Выбрать главу

 

Он о себе не помнит, он себя

перестает оглядывать снаружи

и опрокинув зрение живет.

   

       («Он о себе не помнит…»)

 

Здесь «я» удостаивается лишь метафоры «пустоты», дома, «в котором сохранились только стены». И эта апофатическая дефиниция если не устраняет вопрос об «эго», то переориентирует его на пространственно-временной поток, где «я» странствует, не в силах идентифицировать себя с чем-то определенным. Поэт готов запечатлеть скорее, как природа работает над его портретом, не стремясь к нарциссической лепке:

 

…Тихо зернится листва.

              Слепой пятерней

ветер ощупал лицо мое,

               запоминая.

 

     («Вальс поливальных машин…»)

 

Но там, где наконец выламывается из потока «третьеличных» наблюдений психологическое эго, ценностно все же берет верх — «ты». Примечательно, что в немногочисленных «психологических» стихах, пунктирно «прошивающих» сборник, появляется автобиографический маркер — посвящение Е. С.:

 

Не разделяй, не важно —

кто мы — друзья, родня.

Мне пережить тебя страшно.

Переживи меня.

 

Будущего не свяжем,

время затворено.

Переживи меня. Даже

если не суждено…

 

     («Не разделяй, не важно…»)

 

Межличностный диалог разворачивается у Нитченко по тем же органическим законам, что и диалог с неодушевленным — но упорно одушевляемым — миром. Не «я», а «ты», не «я», а «мы». Наблюдатель регулярно меняется местами с наблюдаемым объектом, забывая о самости как о чем-то таком, о чем не стоит труда беспокоиться: ведь самость ударит «в спину», как солнце, моделирующее тень фотографа в его же отпечатке («Из черно-белых и цветных…»). К концу сборника «Переводы на человеческий» отчетливо прочитывается: «я» поэта ускользает, «на улице Шлемиля, замерзая, / сходятся тени без хозяев».

Позиционирование литературно-цеховое тоже определяется ближе к завершению книжки. В «Интермедии» — попытка обозначить, кто задает тон в современном литпроцессе. Автор не переходит ни на личности, ни на узнаваемые сообщества внутри цеха, зато изящно распределяет роли в крикливом поединке регулярных метров и Свободы Верлибровны. Застольная ругня в трапезной Поэзии персонажей Анапеста, Ямба и Хорея не менее и не более комична, чем прозаичная скороговорка Свободы Верлибровны. Последняя, воплотившись в фактурно-натуралистичном столбике реалий и разговорных штампов, получает от «режиссера» досадливый тычок:

 

— Ах,

я так

облопалась

арбузом

что меня

неимоверно раздуло

Припоминаю один случай

в Киеве

в 1973 г (гэ)

Таксист мне и говорит

отгоняя мошку

и энергично куря сигару…

<…>

Cвобода Верлибровна…

Чево?

Заткнитесь.

 

А за окном плыл снежок,

и прогрохотала телега.

 

Не верлибр, по всей видимости, плох (автор с явным любованием вводит его в финале стихотворения), а пустота, подменяемая жвачкой бытовых стимулов-реакций.

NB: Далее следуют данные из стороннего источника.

lemma det_block_upper_triangular:
  fixes N :: "'a::comm_ring_1 mat"
  assumes "N \<in> carrier_mat (k + q) (k + q)"
    and "\<And>i j. i < q \<Longrightarrow> j < k \<Longrightarrow> N $$ (k + i, j) = 0"
  shows "det N = det (mat k k (\<lambda>(i, j). N $$ (i, j))) * det (mat q q (\<lambda>(i, j). N $$ (k + i, k + j)))"
  using assms
proof (induction q arbitrary: N)
  case 0
  then have "mat k k (\<lambda>(i, j). N $$ (i, j)) = N"
    by (intro eq_matI) auto
  then show ?case by simp
next
  case (Suc q)
  let ?UL = "\<lambda>N. mat k k (\<lambda>(i, j). N $$ (i, j))"
  let ?LR = "\<lambda>q N. mat q q (\<lambda>(i, j). N $$ (k + i, k + j))"
  have N: "N \<in> carrier_mat (Suc (k + q)) (Suc (k + q))"
    using Suc.prems(1) by simp
  have LR: "?LR (Suc q) N \<in> carrier_mat (Suc q) (Suc q)"
    by simp
  have expansion_term: "N $$ (k + q, k + c) * cofactor N (k + q) (k + c)
      = det (?UL N) * (?LR (Suc q) N $$ (q, c) * cofactor (?LR (Suc q) N) q c)"
    if c: "c < Suc q" for c
  proof -
    let ?D = "mat_delete N (k + q) (k + c)"
    have "det ?D = det (?UL ?D) * det (?LR q ?D)"
      by (rule Suc.IH) (use Suc.prems(2) N in \<open>auto simp: mat_delete_def\<close>)
    moreover have "?UL ?D = ?UL N"
      using N by (intro eq_matI) (auto simp: mat_delete_def)
    moreover have "?LR q ?D = mat_delete (?LR (Suc q) N) q c"
      using N c by (intro eq_matI) (auto simp: mat_delete_def)
    moreover have "(-1::'a) ^ (k + q + (k + c)) = (-1) ^ (q + c)"
      by (metis (no_types) add.assoc add.commute mult_2 power_add power_minus1_even mult_1)
    ultimately show ?thesis
      using c by (simp add: cofactor_def)
  qed
  have "det N = (\<Sum>j<k + Suc q. N $$ (k + q, j) * cofactor N (k + q) j)"
    using laplace_expansion_row [OF N, of "k + q"] by simp
  also have "\<dots> = (\<Sum>c<Suc q. N $$ (k + q, k + c) * cofactor N (k + q) (k + c))"
    using Suc.prems(2) by (simp add: sum_lessThan_add)
  also have "\<dots> = det (?UL N) * det (?LR (Suc q) N)"
    using laplace_expansion_row [OF LR, of q] by (simp add: expansion_term sum_distrib_left del: sum.lessThan_Suc)
  finally show ?case .
qed

lemma det_block_anti_triangular:
  fixes N :: "'a::comm_ring_1 mat"
  assumes N: "N \<in> carrier_mat (k + q) (k + q)"
    and zero: "\<And>i j. i < q \<Longrightarrow> j < k \<Longrightarrow> N $$ (k + i, q + j) = 0"
  shows "det N = (-1) ^ (k * q) * det (mat k k (\<lambda>(i, j). N $$ (i, q + j)))
                   * det (mat q q (\<lambda>(i, j). N $$ (k + i, j)))"
proof -
  define B where "B = mat (k + q) (k + q) (\<lambda>(i, j). N $$ (i, if j < k then j + q else j - k))"
  have "det B = det (mat k k (\<lambda>(i, j). B $$ (i, j))) * det (mat q q (\<lambda>(i, j). B $$ (k + i, k + j)))"
  proof (rule det_block_upper_triangular)
    fix i j assume "i < q" "j < k"
    then show "B $$ (k + i, j) = 0"
      using zero [of i j] by (simp add: B_def add.commute)
  qed (simp add: B_def)
  moreover have "mat k k (\<lambda>(i, j). B $$ (i, j)) = mat k k (\<lambda>(i, j). N $$ (i, q + j))"
    by (intro eq_matI) (auto simp: B_def add.commute)
  moreover have "mat q q (\<lambda>(i, j). B $$ (k + i, k + j)) = mat q q (\<lambda>(i, j). N $$ (k + i, j))"
    by (intro eq_matI) (auto simp: B_def)
  moreover have "det N = (-1) ^ (k * q) * det B"
    unfolding B_def by (rule det_swap_cols [OF N])
  ultimately show ?thesis
    by (simp add: mult.assoc)
qed

lemma det_permute_rows_cols:
  assumes p: "p permutes {..<n}" and q: "q permutes {..<n}"
  shows "det (mat n n (\<lambda>(i, j). M (p i) (q j))) = signof p * signof q * det (mat n n (\<lambda>(i, j). M i j))"
proof -
  define A where "A = mat n n (\<lambda>(i, j). M i (q j))"
  define B where "B = mat n n (\<lambda>(i, j). M j i)"
  have p_lt: "p i < n" and q_lt: "q i < n" if "i < n" for i
    using that permutes_in_image [OF p] permutes_in_image [OF q] by auto
  have A: "A \<in> carrier_mat n n" and B: "B \<in> carrier_mat n n"
    by (simp_all add: A_def B_def)
  have "transpose_mat B = mat n n (\<lambda>(i, j). M i j)"
    by (intro eq_matI) (auto simp: B_def)
  then have det_B: "det B = det (mat n n (\<lambda>(i, j). M i j))"
    using det_transpose [OF B] by simp
  have "transpose_mat A = mat n n (\<lambda>(i, j). B $$ (q i, j))"
    by (intro eq_matI) (auto simp: A_def B_def q_lt)
  then have det_A: "det A = signof q * det B"
    using det_transpose [OF A] det_permute_rows [OF B] q by (simp add: atLeast0LessThan)
  have "mat n n (\<lambda>(i, j). M (p i) (q j)) = mat n n (\<lambda>(i, j). A $$ (p i, j))"
    by (intro eq_matI) (auto simp: A_def p_lt)
  then show ?thesis
    using det_permute_rows [OF A] p det_A det_B by (simp add: atLeast0LessThan mult.assoc)
qed

lemma minor_eq_det:
  "minor M R C = det (mat (card R) (card R)
     (\<lambda>(i, j). M (sorted_list_of_set R ! i) (sorted_list_of_set C ! j)))"
  by (simp add: minor_def det_nat_eq_det)

lemma obtain_permutes_sorted_list_of_image:
  assumes inj: "inj_on \<rho> {..<t}"
  obtains p where "p permutes {..<t}"
    and "\<And>i. i < t \<Longrightarrow> \<rho> i = sorted_list_of_set (\<rho> ` {..<t}) ! p i"
proof -
  define xs where "xs = sorted_list_of_set (\<rho> ` {..<t})"
  have "length xs = t"
    using inj by (simp add: xs_def card_image)
  then have nth: "bij_betw ((!) xs) {..<t} (\<rho> ` {..<t})"
    by (intro bij_betw_nth) (auto simp: xs_def)
  define p where "p i = (if i < t then the_inv_into {..<t} ((!) xs) (\<rho> i) else i)" for i
  have "bij_betw (the_inv_into {..<t} ((!) xs) \<circ> \<rho>) {..<t} {..<t}"
    using inj nth by (intro bij_betw_trans bij_betw_the_inv_into) (auto simp: bij_betw_def)
  then have "bij_betw p {..<t} {..<t}"
    by (rule bij_betw_cong [THEN iffD1, rotated]) (simp add: p_def)
  then have "p permutes {..<t}"
    by (rule bij_imp_permutes) (simp add: p_def)
  moreover have "\<rho> i = xs ! p i" if "i < t" for i
    using that nth by (simp add: p_def f_the_inv_into_f_bij_betw)
  ultimately show ?thesis
    using that unfolding xs_def by blast
qed

lemma det_index_maps_in_minors_ideal:
  fixes \<phi> :: "nat \<Rightarrow> nat \<Rightarrow> 'a::comm_ring_1"
  assumes "\<And>i. i < t \<Longrightarrow> \<rho> i < m" and "\<And>j. j < t \<Longrightarrow> \<gamma> j < n"
  shows "det (mat t t (\<lambda>(i, j). \<phi> (\<rho> i) (\<gamma> j))) \<in> minors_ideal t m n \<phi>"
proof (cases "inj_on \<rho> {..<t} \<and> inj_on \<gamma> {..<t}")
  case False
  then have "det (mat t t (\<lambda>(i, j). \<phi> (\<rho> i) (\<gamma> j))) = 0"
  proof (elim disjE [OF de_Morgan_conj [THEN iffD1]])
    assume "\<not> inj_on \<rho> {..<t}"
    then obtain i i' where "i < t" "i' < t" "i \<noteq> i'" "\<rho> i = \<rho> i'"
      unfolding inj_on_def by auto
    then show ?thesis
      by (intro det_identical_rows [of _ t i i']) auto
  next
    assume "\<not> inj_on \<gamma> {..<t}"
    then obtain j j' where "j < t" "j' < t" "j \<noteq> j'" "\<gamma> j = \<gamma> j'"
      unfolding inj_on_def by auto
    then show ?thesis
      by (intro det_identical_columns [of _ t j j']) auto
  qed
  then show ?thesis
    by (simp add: minors_ideal_def ideal_gen_zero)
next
  case True
  define R where "R = \<rho> ` {..<t}"
  define C where "C = \<gamma> ` {..<t}"
  obtain p where p: "p permutes {..<t}" "\<And>i. i < t \<Longrightarrow> \<rho> i = sorted_list_of_set R ! p i"
    using obtain_permutes_sorted_list_of_image True unfolding R_def by blast
  obtain q where q: "q permutes {..<t}" "\<And>i. i < t \<Longrightarrow> \<gamma> i = sorted_list_of_set C ! q i"
    using obtain_permutes_sorted_list_of_image True unfolding C_def by blast
  have card: "card R = t" "card C = t"
    using True by (simp_all add: R_def C_def card_image)
  have "mat t t (\<lambda>(i, j). \<phi> (\<rho> i) (\<gamma> j))
      = mat t t (\<lambda>(i, j). \<phi> (sorted_list_of_set R ! p i) (sorted_list_of_set C ! q j))"
    by (intro eq_matI) (simp_all add: p q)
  then have "det (mat t t (\<lambda>(i, j). \<phi> (\<rho> i) (\<gamma> j))) = signof p * signof q * minor \<phi> R C"
    using det_permute_rows_cols [OF p(1) q(1),
        of "\<lambda>i j. \<phi> (sorted_list_of_set R ! i) (sorted_list_of_set C ! j)"]
    by (simp add: minor_eq_det card)
  moreover have "minor \<phi> R C \<in> minors_ideal t m n \<phi>"
    unfolding minors_ideal_def using assms card
    by (intro ideal_gen_generator) (auto simp: R_def C_def)
  ultimately show ?thesis
    by (simp add: minors_ideal_def ideal_gen_mult_left)
qed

Поэзия Нитченко работает с привычным для модернистской поэтики выверением и одновременно оптическим смазыванием границ «я» и мира. И мир и герой лишены социальных и политических, исторических примет. Стихи о смятении человеческого духа перед собственным величием и ничтожеством, крупноплановая фиксация этих неприятных узнаваний — все это могло и появлялось с разной периодичностью у европейцев в эпоху Паскаля, сличавшего Вселенную и орбиты кровотоков клопа, у ирландцев и валлийцев прошлого века (Джойс, Томас, Беккет), у немцев и австрийцев (Бенн и Рильке), у нас — в неизмеримом количестве и разноголосом качестве. Онтологизм Нитченко озвучивает типологические переклички с сыплющими жуками садами Пастернака, зинзиверами Хлебникова, травами-кузнечиками Арсения Тарковского, айзенберговой тишиной, «пломбирующей рот». «Комариный звенит князь»: большое и малое мандельштамовой зоркой поэтики находит у Нитченко очевидное для читателя сродство. Что же до современников, «мирное» сосуществование которых иронично прописал автор («Как современники не нравятся друг другу…»), речь так или иначе упрется в наследование мощной тютчевской онтологической традиции и европейского модернизма.